WHAT IS EXPECTED - Please quote exactly the lines below from the line containing "('k::comm_ring_1) tens) \<Rightarrow>" to the line containing "u = (\<lambda>w.", both lines included, and nothing else.

(Stored records)
※

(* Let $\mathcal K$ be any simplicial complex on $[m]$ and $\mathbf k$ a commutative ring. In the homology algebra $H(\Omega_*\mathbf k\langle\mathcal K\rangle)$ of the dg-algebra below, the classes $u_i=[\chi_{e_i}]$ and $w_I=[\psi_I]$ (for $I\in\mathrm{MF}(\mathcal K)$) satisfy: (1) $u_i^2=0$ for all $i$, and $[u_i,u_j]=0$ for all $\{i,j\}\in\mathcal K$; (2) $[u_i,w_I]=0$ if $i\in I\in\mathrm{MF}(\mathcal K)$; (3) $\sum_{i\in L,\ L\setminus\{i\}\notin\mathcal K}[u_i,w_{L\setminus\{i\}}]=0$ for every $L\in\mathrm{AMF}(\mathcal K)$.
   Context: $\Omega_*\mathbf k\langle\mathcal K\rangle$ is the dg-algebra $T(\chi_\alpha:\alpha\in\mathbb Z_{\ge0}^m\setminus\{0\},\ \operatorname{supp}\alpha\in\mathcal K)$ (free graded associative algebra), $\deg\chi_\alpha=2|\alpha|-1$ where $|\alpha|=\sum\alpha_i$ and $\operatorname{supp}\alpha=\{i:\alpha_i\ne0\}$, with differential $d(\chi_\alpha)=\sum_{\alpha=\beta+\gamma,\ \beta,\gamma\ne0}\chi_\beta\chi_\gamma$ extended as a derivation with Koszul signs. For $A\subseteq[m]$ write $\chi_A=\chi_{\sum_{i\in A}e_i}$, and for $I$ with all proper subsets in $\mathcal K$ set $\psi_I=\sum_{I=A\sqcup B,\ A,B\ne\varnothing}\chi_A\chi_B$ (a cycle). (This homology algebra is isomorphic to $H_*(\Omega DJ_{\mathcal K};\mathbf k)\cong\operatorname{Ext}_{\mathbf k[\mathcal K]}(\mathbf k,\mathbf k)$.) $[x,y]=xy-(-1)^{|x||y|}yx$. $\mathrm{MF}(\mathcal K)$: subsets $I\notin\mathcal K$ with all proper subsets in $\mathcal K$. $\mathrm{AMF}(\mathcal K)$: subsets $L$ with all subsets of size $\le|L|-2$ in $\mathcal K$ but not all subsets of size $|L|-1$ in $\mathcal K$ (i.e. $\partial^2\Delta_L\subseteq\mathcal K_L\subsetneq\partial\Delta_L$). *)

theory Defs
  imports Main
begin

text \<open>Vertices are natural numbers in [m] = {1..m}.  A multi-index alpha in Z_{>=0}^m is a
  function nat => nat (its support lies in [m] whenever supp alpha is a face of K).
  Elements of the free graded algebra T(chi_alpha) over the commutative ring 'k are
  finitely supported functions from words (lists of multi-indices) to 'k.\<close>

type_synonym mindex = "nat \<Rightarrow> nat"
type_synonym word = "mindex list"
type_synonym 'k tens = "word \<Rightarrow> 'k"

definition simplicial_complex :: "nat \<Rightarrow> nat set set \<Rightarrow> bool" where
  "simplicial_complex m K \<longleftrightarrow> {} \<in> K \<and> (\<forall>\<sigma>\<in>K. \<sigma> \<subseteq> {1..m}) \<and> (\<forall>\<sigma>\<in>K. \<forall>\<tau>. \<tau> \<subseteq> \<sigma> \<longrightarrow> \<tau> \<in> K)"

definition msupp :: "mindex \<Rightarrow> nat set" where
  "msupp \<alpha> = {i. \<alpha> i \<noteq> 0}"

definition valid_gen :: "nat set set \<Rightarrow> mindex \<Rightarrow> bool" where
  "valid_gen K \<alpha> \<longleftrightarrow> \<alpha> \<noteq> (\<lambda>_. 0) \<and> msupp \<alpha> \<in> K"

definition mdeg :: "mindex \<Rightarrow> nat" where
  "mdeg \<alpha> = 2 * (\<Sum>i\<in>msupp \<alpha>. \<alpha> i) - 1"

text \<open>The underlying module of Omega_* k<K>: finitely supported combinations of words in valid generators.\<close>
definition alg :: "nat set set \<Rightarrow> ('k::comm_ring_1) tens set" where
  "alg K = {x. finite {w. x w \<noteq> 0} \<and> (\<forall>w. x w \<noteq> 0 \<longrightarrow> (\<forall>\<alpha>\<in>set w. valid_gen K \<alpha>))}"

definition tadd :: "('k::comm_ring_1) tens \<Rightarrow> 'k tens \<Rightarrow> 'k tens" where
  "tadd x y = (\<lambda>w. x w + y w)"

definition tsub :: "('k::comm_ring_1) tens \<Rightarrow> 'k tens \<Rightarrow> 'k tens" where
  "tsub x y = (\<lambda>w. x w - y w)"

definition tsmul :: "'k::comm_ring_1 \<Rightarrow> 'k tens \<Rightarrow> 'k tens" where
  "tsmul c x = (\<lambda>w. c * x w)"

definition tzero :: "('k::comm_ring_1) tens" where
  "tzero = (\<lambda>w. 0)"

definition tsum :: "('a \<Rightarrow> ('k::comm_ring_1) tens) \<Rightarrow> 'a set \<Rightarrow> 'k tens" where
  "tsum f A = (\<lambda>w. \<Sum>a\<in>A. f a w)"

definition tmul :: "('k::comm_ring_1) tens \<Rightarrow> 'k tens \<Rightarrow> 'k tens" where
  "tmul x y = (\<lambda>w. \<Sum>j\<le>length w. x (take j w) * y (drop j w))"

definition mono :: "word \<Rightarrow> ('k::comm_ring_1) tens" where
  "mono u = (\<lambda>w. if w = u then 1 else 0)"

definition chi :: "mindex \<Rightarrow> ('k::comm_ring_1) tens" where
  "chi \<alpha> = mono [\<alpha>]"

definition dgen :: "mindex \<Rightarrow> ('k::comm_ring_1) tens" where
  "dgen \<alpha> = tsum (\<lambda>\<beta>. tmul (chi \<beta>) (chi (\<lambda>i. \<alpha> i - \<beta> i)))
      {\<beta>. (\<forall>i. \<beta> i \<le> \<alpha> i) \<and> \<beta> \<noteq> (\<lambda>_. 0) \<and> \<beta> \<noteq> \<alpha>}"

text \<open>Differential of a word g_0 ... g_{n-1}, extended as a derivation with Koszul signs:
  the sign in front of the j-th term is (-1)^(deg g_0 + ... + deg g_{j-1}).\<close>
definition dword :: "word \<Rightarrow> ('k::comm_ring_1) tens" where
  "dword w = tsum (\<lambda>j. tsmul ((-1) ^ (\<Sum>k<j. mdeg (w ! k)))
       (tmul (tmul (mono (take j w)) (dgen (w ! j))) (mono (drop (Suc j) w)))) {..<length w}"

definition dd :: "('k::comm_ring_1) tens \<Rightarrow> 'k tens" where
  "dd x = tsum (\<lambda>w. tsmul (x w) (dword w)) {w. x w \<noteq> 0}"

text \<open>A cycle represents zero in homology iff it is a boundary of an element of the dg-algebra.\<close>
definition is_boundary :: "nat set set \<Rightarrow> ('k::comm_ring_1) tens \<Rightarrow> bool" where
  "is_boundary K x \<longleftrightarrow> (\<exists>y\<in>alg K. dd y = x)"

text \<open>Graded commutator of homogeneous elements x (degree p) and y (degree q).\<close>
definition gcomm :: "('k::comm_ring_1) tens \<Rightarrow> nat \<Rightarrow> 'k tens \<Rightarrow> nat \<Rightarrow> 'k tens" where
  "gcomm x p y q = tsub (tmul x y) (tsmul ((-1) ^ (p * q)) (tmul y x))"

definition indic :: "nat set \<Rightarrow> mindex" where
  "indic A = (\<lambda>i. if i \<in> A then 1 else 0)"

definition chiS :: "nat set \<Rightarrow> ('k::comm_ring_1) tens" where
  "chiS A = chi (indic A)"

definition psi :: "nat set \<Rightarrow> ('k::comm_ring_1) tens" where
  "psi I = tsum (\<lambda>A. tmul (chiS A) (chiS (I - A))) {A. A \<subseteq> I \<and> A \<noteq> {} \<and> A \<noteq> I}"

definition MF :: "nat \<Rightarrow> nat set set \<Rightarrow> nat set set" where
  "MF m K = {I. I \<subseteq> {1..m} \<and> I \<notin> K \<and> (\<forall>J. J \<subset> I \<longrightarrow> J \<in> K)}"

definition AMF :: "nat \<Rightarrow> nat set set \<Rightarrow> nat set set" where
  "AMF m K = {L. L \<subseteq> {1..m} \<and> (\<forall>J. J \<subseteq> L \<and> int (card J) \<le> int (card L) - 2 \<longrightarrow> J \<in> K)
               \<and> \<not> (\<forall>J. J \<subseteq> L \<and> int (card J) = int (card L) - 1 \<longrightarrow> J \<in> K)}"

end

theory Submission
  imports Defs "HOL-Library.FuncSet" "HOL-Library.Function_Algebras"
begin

※

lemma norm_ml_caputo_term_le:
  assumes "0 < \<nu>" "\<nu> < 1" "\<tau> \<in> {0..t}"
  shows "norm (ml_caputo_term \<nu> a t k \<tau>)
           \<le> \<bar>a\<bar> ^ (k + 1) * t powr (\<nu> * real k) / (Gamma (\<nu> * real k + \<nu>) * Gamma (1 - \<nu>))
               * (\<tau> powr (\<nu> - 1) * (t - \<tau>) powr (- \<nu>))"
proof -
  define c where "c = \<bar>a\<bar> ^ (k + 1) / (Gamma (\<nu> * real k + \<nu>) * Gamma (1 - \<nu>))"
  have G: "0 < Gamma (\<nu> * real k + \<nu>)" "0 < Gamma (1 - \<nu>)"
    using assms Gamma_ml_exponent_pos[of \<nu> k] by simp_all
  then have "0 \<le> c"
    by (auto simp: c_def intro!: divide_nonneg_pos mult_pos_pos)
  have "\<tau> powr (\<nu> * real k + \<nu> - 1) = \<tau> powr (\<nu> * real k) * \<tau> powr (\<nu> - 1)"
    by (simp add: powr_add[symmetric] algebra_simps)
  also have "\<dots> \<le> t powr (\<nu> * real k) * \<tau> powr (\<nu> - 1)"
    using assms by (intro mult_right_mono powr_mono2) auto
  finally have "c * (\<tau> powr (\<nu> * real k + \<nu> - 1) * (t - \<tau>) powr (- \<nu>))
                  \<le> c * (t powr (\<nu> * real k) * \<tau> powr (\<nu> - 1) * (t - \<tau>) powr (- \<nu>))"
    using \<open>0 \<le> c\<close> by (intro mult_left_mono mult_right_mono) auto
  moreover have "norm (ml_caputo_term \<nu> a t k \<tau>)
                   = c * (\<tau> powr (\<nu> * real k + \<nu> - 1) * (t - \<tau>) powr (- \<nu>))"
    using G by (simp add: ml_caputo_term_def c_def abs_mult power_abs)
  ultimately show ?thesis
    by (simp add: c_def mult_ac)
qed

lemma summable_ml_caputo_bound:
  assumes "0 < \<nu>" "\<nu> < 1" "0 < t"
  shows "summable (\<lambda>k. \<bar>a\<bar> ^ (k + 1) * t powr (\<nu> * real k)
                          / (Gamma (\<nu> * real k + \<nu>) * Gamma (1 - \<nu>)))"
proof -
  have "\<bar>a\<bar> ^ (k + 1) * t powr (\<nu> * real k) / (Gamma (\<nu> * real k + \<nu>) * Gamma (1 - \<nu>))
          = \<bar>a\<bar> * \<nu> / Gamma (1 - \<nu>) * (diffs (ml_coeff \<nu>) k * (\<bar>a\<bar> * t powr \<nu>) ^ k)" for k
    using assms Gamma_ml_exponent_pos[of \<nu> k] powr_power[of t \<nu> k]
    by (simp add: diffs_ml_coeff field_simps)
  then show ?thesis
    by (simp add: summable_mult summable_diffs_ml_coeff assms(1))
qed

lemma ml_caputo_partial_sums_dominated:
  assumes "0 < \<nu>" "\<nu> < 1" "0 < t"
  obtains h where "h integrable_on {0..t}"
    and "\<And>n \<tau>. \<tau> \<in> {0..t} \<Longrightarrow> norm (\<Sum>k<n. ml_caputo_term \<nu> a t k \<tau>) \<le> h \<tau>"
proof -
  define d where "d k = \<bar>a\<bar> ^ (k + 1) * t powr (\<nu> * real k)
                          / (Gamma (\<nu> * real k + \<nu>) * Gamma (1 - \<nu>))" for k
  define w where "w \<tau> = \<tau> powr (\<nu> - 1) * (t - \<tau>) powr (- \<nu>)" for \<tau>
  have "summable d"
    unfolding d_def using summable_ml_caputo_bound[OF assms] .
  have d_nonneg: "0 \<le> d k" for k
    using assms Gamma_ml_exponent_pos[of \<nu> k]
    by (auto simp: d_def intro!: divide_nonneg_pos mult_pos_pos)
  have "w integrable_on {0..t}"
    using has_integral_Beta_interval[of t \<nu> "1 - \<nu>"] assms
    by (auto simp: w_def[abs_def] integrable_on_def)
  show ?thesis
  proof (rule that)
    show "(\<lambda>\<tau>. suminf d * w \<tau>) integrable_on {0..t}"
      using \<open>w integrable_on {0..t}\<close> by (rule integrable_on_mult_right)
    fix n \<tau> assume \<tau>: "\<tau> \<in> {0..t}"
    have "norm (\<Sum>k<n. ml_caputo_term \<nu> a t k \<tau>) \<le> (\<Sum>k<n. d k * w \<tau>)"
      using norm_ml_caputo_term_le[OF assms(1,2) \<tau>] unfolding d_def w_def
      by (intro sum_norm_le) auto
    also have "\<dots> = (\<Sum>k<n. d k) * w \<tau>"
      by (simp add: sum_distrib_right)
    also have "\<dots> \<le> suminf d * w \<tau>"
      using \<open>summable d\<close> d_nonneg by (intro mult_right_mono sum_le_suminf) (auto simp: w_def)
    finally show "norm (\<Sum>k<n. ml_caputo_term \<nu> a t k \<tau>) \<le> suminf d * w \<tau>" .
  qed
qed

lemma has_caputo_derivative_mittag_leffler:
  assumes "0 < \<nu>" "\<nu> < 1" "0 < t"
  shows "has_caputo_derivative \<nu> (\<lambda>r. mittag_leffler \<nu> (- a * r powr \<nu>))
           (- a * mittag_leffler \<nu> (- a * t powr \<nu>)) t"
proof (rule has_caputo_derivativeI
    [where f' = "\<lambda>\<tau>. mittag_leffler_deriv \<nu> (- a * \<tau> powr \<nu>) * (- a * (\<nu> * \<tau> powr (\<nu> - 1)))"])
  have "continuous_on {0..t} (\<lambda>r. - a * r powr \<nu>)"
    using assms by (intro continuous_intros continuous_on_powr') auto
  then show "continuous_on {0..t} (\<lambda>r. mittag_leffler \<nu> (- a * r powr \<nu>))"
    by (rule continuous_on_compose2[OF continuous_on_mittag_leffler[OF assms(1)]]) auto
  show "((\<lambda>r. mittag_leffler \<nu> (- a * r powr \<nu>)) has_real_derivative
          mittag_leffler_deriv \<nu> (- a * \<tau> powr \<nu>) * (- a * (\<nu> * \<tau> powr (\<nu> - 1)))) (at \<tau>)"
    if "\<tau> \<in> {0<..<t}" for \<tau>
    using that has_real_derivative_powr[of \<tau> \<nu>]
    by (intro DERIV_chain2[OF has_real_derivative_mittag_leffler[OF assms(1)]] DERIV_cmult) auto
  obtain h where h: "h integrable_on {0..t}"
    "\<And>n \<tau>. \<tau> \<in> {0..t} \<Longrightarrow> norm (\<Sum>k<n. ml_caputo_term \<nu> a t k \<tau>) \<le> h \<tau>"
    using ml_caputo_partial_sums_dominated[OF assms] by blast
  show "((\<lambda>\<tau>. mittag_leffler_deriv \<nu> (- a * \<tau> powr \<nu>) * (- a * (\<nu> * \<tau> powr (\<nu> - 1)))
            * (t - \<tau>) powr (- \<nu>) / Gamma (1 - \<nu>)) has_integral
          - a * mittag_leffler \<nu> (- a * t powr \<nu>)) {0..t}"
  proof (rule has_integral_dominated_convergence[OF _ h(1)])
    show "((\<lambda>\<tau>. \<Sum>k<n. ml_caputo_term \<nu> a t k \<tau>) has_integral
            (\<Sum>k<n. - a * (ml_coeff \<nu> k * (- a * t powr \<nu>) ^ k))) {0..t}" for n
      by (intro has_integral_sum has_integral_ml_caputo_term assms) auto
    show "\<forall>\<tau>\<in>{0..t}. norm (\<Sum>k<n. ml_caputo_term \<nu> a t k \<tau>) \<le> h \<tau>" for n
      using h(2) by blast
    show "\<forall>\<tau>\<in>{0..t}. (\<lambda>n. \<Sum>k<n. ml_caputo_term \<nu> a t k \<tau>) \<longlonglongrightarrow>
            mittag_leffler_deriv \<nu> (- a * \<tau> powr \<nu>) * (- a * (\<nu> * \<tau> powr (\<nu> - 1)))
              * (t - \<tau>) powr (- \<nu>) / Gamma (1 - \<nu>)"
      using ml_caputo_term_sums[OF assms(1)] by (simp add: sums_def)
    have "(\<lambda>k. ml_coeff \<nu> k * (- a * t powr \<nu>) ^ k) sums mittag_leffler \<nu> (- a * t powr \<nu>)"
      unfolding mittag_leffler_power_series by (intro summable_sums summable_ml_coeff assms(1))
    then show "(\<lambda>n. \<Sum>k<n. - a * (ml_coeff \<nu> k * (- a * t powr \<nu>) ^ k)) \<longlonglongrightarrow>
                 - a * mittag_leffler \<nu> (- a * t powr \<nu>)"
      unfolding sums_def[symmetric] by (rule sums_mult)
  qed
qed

※

OUTPUT -
definition tsum :: "('a \<Rightarrow> ('k::comm_ring_1) tens) \<Rightarrow> 'a set \<Rightarrow> 'k tens" where
  "tsum f A = (\<lambda>w. \<Sum>a\<in>A. f a w)"

definition tmul :: "('k::comm_ring_1) tens \<Rightarrow> 'k tens \<Rightarrow> 'k tens" where
  "tmul x y = (\<lambda>w. \<Sum>j\<le>length w. x (take j w) * y (drop j w))"

definition mono :: "word \<Rightarrow> ('k::comm_ring_1) tens" where
  "mono u = (\<lambda>w. if w = u then 1 else 0)"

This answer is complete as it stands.